Imagem Jesus cura cego (det.) | Duccio di Buoninsegna | 1308-11 | National Gallery, Londres, Inglaterra

Misericórdia: Do Antigo Testamento a Cristo, passando pelo islão

«Deus perdoa tanta coisa por uma obra de misericórdia!»: assim dizia uma personagem do romance "Os noivos", de Alessandro Manzoni.

O horizonte humano e espiritual da virtude fundamental da misericórdia alarga-se às três grandes religiões monoteístas, o judaísmo, o cristianismo e o islão. O itinerário de aprofundamento num tema tão vasto poderia ser recapitulado através de um percurso particular, o dos termos com que a misericórdia é expressa nos livros sagrados dessas religiões.

Cada realidade, com efeito, tem no vocabulário adotado a sua identidade mais específica: assim, é evidente que para o italiano [também o português] o órgão "físico" desta virtude é o coração (miseri-cordia), que conhece os frémitos da compaixão e da partilha face ao pobre.

Na linguagem bíblica, contudo, assistimos a um fenómeno curioso porque, quer no hebraico quer no grego, as duas línguas capitais da Sagrada Escritura, a sede da misericórdia é o útero materno ou a capacidade geradora paterna.

Em hebraico é o substantivo "rehem", no plural "rahamîm", que designa primariamente o ventre materno e que é transformado numa metáfora emocional aplicada em primeiro lugar a Deus, que se encontra, assim, femininamente conotado.
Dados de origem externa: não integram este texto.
(* The only rational periodic points of $f(x)=x^2-\tfrac{29}{16}$ are $-\tfrac14,-\tfrac74,\tfrac54$, which form a $3$-cycle. In particular $f$ has exactly $8$ rational points that are periodic or preperiodic.
   Context: A point $x$ is preperiodic for $f$ if some iterate $f^k(x)$, $k\ge1$, is periodic while $x$ itself is not periodic. *)

theory Defs
  imports Complex_Main
begin

definition periodic_pt :: "('a \<Rightarrow> 'a) \<Rightarrow> 'a \<Rightarrow> bool" where
  "periodic_pt f x \<longleftrightarrow> (\<exists>n\<ge>1. (f ^^ n) x = x)"

definition preperiodic_pt :: "('a \<Rightarrow> 'a) \<Rightarrow> 'a \<Rightarrow> bool" where
  "preperiodic_pt f x \<longleftrightarrow> (\<exists>k\<ge>1. periodic_pt f ((f ^^ k) x)) \<and> \<not> periodic_pt f x"

definition fq :: "rat \<Rightarrow> rat" where
  "fq x = x ^ 2 - 29 / 16"

end

theory Submission
  imports Defs
begin

text \<open>In the coordinate y = 4x the map becomes y \<mapsto> (y^2 - 29)/4. Unless y is an odd
  integer, the denominator of y strictly grows along the orbit, and for |x| \<ge> 2 the absolute
  value strictly grows; either way the orbit never repeats. This leaves the eight values
  x = a/4 with a odd and |a| < 8, which are checked by hand: three form a 3-cycle and the
  other five land in it after one or two steps.\<close>

lemma periodic_or_preperiodic_iff:
  "periodic_pt f x \<or> preperiodic_pt f x \<longleftrightarrow> (\<exists>k. periodic_pt f ((f ^^ k) x))"
proof
  assume "periodic_pt f x \<or> preperiodic_pt f x"
  then show "\<exists>k. periodic_pt f ((f ^^ k) x)"
    unfolding preperiodic_pt_def by (metis funpow_0)
next
  assume "\<exists>k. periodic_pt f ((f ^^ k) x)"
  then obtain k where "periodic_pt f ((f ^^ k) x)" by blast
  then show "periodic_pt f x \<or> preperiodic_pt f x"
    unfolding preperiodic_pt_def by (metis funpow_0 less_one not_less)
qed

lemma funpow_invariant:
  assumes "\<And>y. P y \<Longrightarrow> P (f y)" and "P x"
  shows "P ((f ^^ n) x)"
  by (induction n) (simp_all add: assms)

lemma not_periodic_or_preperiodic_if_escaping:
  fixes m :: "'a \<Rightarrow> 'b::linorder"
  assumes escape: "\<And>y. B y \<Longrightarrow> B (f y) \<and> m y < m (f y)" and "B x"
  shows "\<not> (periodic_pt f x \<or> preperiodic_pt f x)"
proof
  assume "periodic_pt f x \<or> preperiodic_pt f x"
  then obtain k where "periodic_pt f ((f ^^ k) x)"
    unfolding periodic_or_preperiodic_iff by blast
  then obtain n where "n \<ge> 1" and period: "(f ^^ n) ((f ^^ k) x) = (f ^^ k) x"
    unfolding periodic_pt_def by blast
  have B_orbit: "B ((f ^^ j) x)" for j
    using funpow_invariant[of B f] escape \<open>B x\<close> by blast
  have "m ((f ^^ k) x) < m ((f ^^ (n + k)) x)"
    using lift_Suc_mono_less[of "\<lambda>j. m ((f ^^ j) x)"] escape B_orbit \<open>n \<ge> 1\<close> by simp
  with period show False
    by (simp add: funpow_add)
qed

lemma not_periodic_if_image_in_invariant:
  assumes invariant: "\<And>y. y \<in> C \<Longrightarrow> f y \<in> C" and "f x \<in> C" and "x \<notin> C"
  shows "\<not> periodic_pt f x"
proof
  assume "periodic_pt f x"
  then obtain n where "n \<ge> 1" and period: "(f ^^ n) x = x"
    unfolding periodic_pt_def by blast
  then obtain j where "n = Suc j"
    by (cases n) auto
  then have "(f ^^ n) x = (f ^^ j) (f x)"
    by (simp only: funpow_Suc_right comp_apply)
  also have "\<dots> \<in> C"
    using funpow_invariant[of "\<lambda>y. y \<in> C"] invariant \<open>f x \<in> C\<close> by blast
  finally show False
    using period \<open>x \<notin> C\<close> by simp
qed

definition rat_denom :: "rat \<Rightarrow> int" where
  "rat_denom y = snd (quotient_of y)"

lemma rat_denom_pos: "0 < rat_denom y"
  by (simp add: rat_denom_def quotient_of_denom_pos')

lemma rat_denom_eq_1_iff: "rat_denom y = 1 \<longleftrightarrow> y \<in> \<int>"
proof
  assume "rat_denom y = 1"
  then obtain n where "quotient_of y = (n, 1)"
    unfolding rat_denom_def by (metis prod.collapse)
  then show "y \<in> \<int>"
    using quotient_of_div by fastforce
next
  assume "y \<in> \<int>"
  then show "rat_denom y = 1"
    by (auto simp: rat_denom_def elim: Ints_cases)
qed

lemma rat_denom_square_dvd:
  fixes c :: int
  shows "rat_denom y ^ 2 dvd rat_denom ((y\<^sup>2 - of_int c) / 4)"
proof -
  obtain n d where nd: "quotient_of y = (n, d)"
    by fastforce
  obtain p q where pq: "quotient_of ((y\<^sup>2 - of_int c) / 4) = (p, q)"
    by fastforce
  have "d > 0" "q > 0" "coprime n d"
    using nd pq by (simp_all add: quotient_of_denom_pos quotient_of_coprime)
  have "of_int p / of_int q = ((of_int n / of_int d)\<^sup>2 - of_int c) / (4 :: rat)"
    using quotient_of_div[OF nd] quotient_of_div[OF pq] by simp
  then have "(of_int (q * n\<^sup>2) :: rat) = of_int (d\<^sup>2 * (4 * p + c * q))"
    using \<open>d > 0\<close> \<open>q > 0\<close> by (simp add: field_simps)
  then have "q * n\<^sup>2 = d\<^sup>2 * (4 * p + c * q)"
    by (simp only: of_int_eq_iff)
  then have "d\<^sup>2 dvd q * n\<^sup>2"
    by (metis dvd_triv_left)
  moreover have "coprime (d\<^sup>2) (n\<^sup>2)"
    using \<open>coprime n d\<close> by (simp add: coprime_commute)
  ultimately have "d\<^sup>2 dvd q"
    by (simp add: coprime_dvd_mult_left_iff)
  then show ?thesis
    using nd pq by (simp add: rat_denom_def)
qed

lemma even_integer_step:
  fixes a c :: int
  assumes "even a" and "odd c"
  shows "((of_int a)\<^sup>2 - of_int c) / 4 \<notin> (\<int> :: rat set)"
proof
  assume "((of_int a)\<^sup>2 - of_int c) / 4 \<in> (\<int> :: rat set)"
  then obtain b where "((of_int a)\<^sup>2 - of_int c) / 4 = (of_int b :: rat)"
    by (elim Ints_cases)
  then have "(of_int c :: rat) = of_int (a\<^sup>2 - 4 * b)"
    by (simp add: field_simps)
  then have "c = a\<^sup>2 - 4 * b"
    by (simp only: of_int_eq_iff)
  with assms show False
    by simp
qed

lemma non_odd_integer_step:
  fixes c :: int
  assumes "y \<notin> of_int ` {a. odd a}" and "odd c"
  defines "z \<equiv> (y\<^sup>2 - of_int c) / 4"
  shows "z \<notin> of_int ` {a. odd a} \<and> rat_denom y < rat_denom z"
proof -
  have "rat_denom y < rat_denom z"
  proof (cases "y \<in> \<int>")
    case True
    then obtain a where "y = of_int a"
      by (elim Ints_cases)
    with assms(1) have "even a"
      by blast
    then have "rat_denom z \<noteq> 1"
      using even_integer_step[OF _ \<open>odd c\<close>] \<open>y = of_int a\<close>
      by (simp add: z_def rat_denom_eq_1_iff)
    moreover have "rat_denom y = 1"
      using True by (simp add: rat_denom_eq_1_iff)
    ultimately show ?thesis
      using rat_denom_pos[of z] by linarith
  next
    case False
    then have "1 < rat_denom y"
      using rat_denom_pos[of y] rat_denom_eq_1_iff[of y] by linarith
    then have "rat_denom y < rat_denom y ^ 2"
      by (simp add: power2_eq_square)
    also have "\<dots> \<le> rat_denom z"
      using rat_denom_square_dvd[of y c] rat_denom_pos[of z] by (simp add: z_def zdvd_imp_le)
    finally show ?thesis .
  qed
  moreover have "z \<notin> \<int>"
    using calculation rat_denom_pos[of y] by (auto simp flip: rat_denom_eq_1_iff)
  ultimately show ?thesis
    by auto
qed

lemma four_fq: "4 * fq x = ((4 * x)\<^sup>2 - of_int 29) / 4"
  by (simp add: fq_def field_simps power2_eq_square)

lemma periodic_or_preperiodic_fq_four_times_odd:
  assumes "periodic_pt fq x \<or> preperiodic_pt fq x"
  shows "4 * x \<in> of_int ` {a. odd a}"
proof (rule ccontr)
  have step: "4 * fq z \<notin> of_int ` {a. odd a} \<and> rat_denom (4 * z) < rat_denom (4 * fq z)"
    if "4 * z \<notin> of_int ` {a. odd a}" for z
    unfolding four_fq using that by (rule non_odd_integer_step) simp
  assume "4 * x \<notin> of_int ` {a. odd a}"
  with assms show False
    using not_periodic_or_preperiodic_if_escaping[where m = "\<lambda>z. rat_denom (4 * z)", OF step]
    by blast
qed

lemma periodic_or_preperiodic_fq_bounded:
  assumes "periodic_pt fq x \<or> preperiodic_pt fq x"
  shows "\<bar>x\<bar> < 2"
proof (rule ccontr)
  have step: "2 \<le> \<bar>fq y\<bar> \<and> \<bar>y\<bar> < \<bar>fq y\<bar>" if "2 \<le> \<bar>y\<bar>" for y
  proof -
    have "2 * \<bar>y\<bar> \<le> y\<^sup>2"
      using mult_right_mono[OF that, of "\<bar>y\<bar>"] by (simp add: power2_eq_square)
    then show ?thesis
      using that by (simp add: fq_def)
  qed
  assume "\<not> \<bar>x\<bar> < 2"
  then have "2 \<le> \<bar>x\<bar>"
    by simp
  with assms show False
    using not_periodic_or_preperiodic_if_escaping[where m = abs, OF step] by blast
qed

lemma periodic_or_preperiodic_fq_candidates:
  assumes "periodic_pt fq x \<or> preperiodic_pt fq x"
  shows "x \<in> {-1/4, -7/4, 5/4, 1/4, 7/4, -5/4, 3/4, -3/4}"
proof -
  obtain a where "odd a" and x: "x = of_int a / 4"
    using periodic_or_preperiodic_fq_four_times_odd[OF assms] by force
  have "-8 < a" "a < 8"
    using periodic_or_preperiodic_fq_bounded[OF assms] x by (simp_all add: abs_less_iff)
  with \<open>odd a\<close> have "a \<in> {-7, -5, -3, -1, 1, 3, 5, 7}"
    unfolding insert_iff empty_iff by presburger
  then show ?thesis
    using x by auto
qed

lemma fq_3_cycle: "fq (-1/4) = -7/4" "fq (-7/4) = 5/4" "fq (5/4) = -1/4"
  by (simp_all add: fq_def power2_eq_square)

lemma periodic_fq_3_cycle:
  assumes "x \<in> {-1/4, -7/4, 5/4}"
  shows "periodic_pt fq x"
  unfolding periodic_pt_def
  using assms by (intro exI[of _ 3])
    (elim insertE emptyE; hypsubst; simp add: numeral_eq_Suc fq_def power2_eq_square)

lemma not_periodic_fq_tail:
  "\<not> periodic_pt fq (1/4)" "\<not> periodic_pt fq (7/4)" "\<not> periodic_pt fq (-5/4)"
  "\<not> periodic_pt fq (3/4)" "\<not> periodic_pt fq (-3/4)"
proof -
  have cycle_invariant: "y \<in> {-1/4, -7/4, 5/4} \<Longrightarrow> fq y \<in> {-1/4, -7/4, 5/4}" for y
    by (elim insertE emptyE; hypsubst; simp add: fq_def power2_eq_square)
  have tail_invariant: "y \<in> {-5/4, -1/4, -7/4, 5/4} \<Longrightarrow> fq y \<in> {-5/4, -1/4, -7/4, 5/4}" for y
    by (elim insertE emptyE; hypsubst; simp add: fq_def power2_eq_square)
  show "\<not> periodic_pt fq (1/4)" "\<not> periodic_pt fq (7/4)" "\<not> periodic_pt fq (-5/4)"
    by (rule not_periodic_if_image_in_invariant[OF cycle_invariant];
        simp add: fq_def power2_eq_square)+
  show "\<not> periodic_pt fq (3/4)" "\<not> periodic_pt fq (-3/4)"
    by (rule not_periodic_if_image_in_invariant[OF tail_invariant];
        simp add: fq_def power2_eq_square)+
qed

lemma fq_funpow_2_candidates:
  assumes "x \<in> {-1/4, -7/4, 5/4, 1/4, 7/4, -5/4, 3/4, -3/4}"
  shows "(fq ^^ 2) x \<in> {-1/4, -7/4, 5/4}"
  using assms
  by (elim insertE emptyE; hypsubst; simp add: numeral_eq_Suc fq_def power2_eq_square)

theorem corollary4:
  shows "{x. periodic_pt fq x} = {-1/4, -7/4, 5/4}
    \<and> fq (-1/4) = -7/4 \<and> fq (-7/4) = 5/4 \<and> fq (5/4) = -1/4
    \<and> card {x. periodic_pt fq x \<or> preperiodic_pt fq x} = 8
    \<and> finite {x. periodic_pt fq x \<or> preperiodic_pt fq x}"
proof -
  have periodic_or_preperiodic_points: "{x. periodic_pt fq x \<or> preperiodic_pt fq x}
      = {-1/4, -7/4, 5/4, 1/4, 7/4, -5/4, 3/4, -3/4}"
    using periodic_or_preperiodic_fq_candidates fq_funpow_2_candidates periodic_fq_3_cycle
    unfolding periodic_or_preperiodic_iff by blast
  have "{x. periodic_pt fq x} = {-1/4, -7/4, 5/4}"
    using periodic_or_preperiodic_fq_candidates not_periodic_fq_tail periodic_fq_3_cycle
    by blast
  then show ?thesis
    unfolding periodic_or_preperiodic_points using fq_3_cycle by simp
qed

end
Iluminador pela imagem e pelo conceito é um passo do livro do profeta Isaias: «Acaso pode uma mulher esquecer-se do seu bebé, não ter carinho pelo fruto das suas entranhas? Ainda que ela se esquecesse dele, Eu nunca te esqueceria» (49,15).

Explícito é o Salmo 103, que reenvia, por seu lado, para a geração paterna: «Como um pai se compadece dos filhos, assim o Senhor se compadece dos que o temem» (v. 13), isto é, pelos seus fiéis.

Não elencaremos os passos bíblicos onde esta metáfora geracional é referida a Deus. Basta apenas citar um par de frases: «Por um curto momento Eu te abandonei, mas recolher-te-ei com imensa misericórdia (54,7); «piedade de mim no teu amor, na tua grande misericórdia, apaga o meu pecado», e esta é a invocação inicial do célebre "Miserere" (Salmo 51).

É interessante notar neste momento que todas as suras (ou capítulos) do Corão (exceto a IX, talvez fruto de um fracionamento) se abrem precisamente com dois adjetivos árabes modulados pela mesma raiz "rhm" do termo bíblico: «Em nome de Deus misericórdia e misericordioso» (bismiLlah al-rahman al-rahim).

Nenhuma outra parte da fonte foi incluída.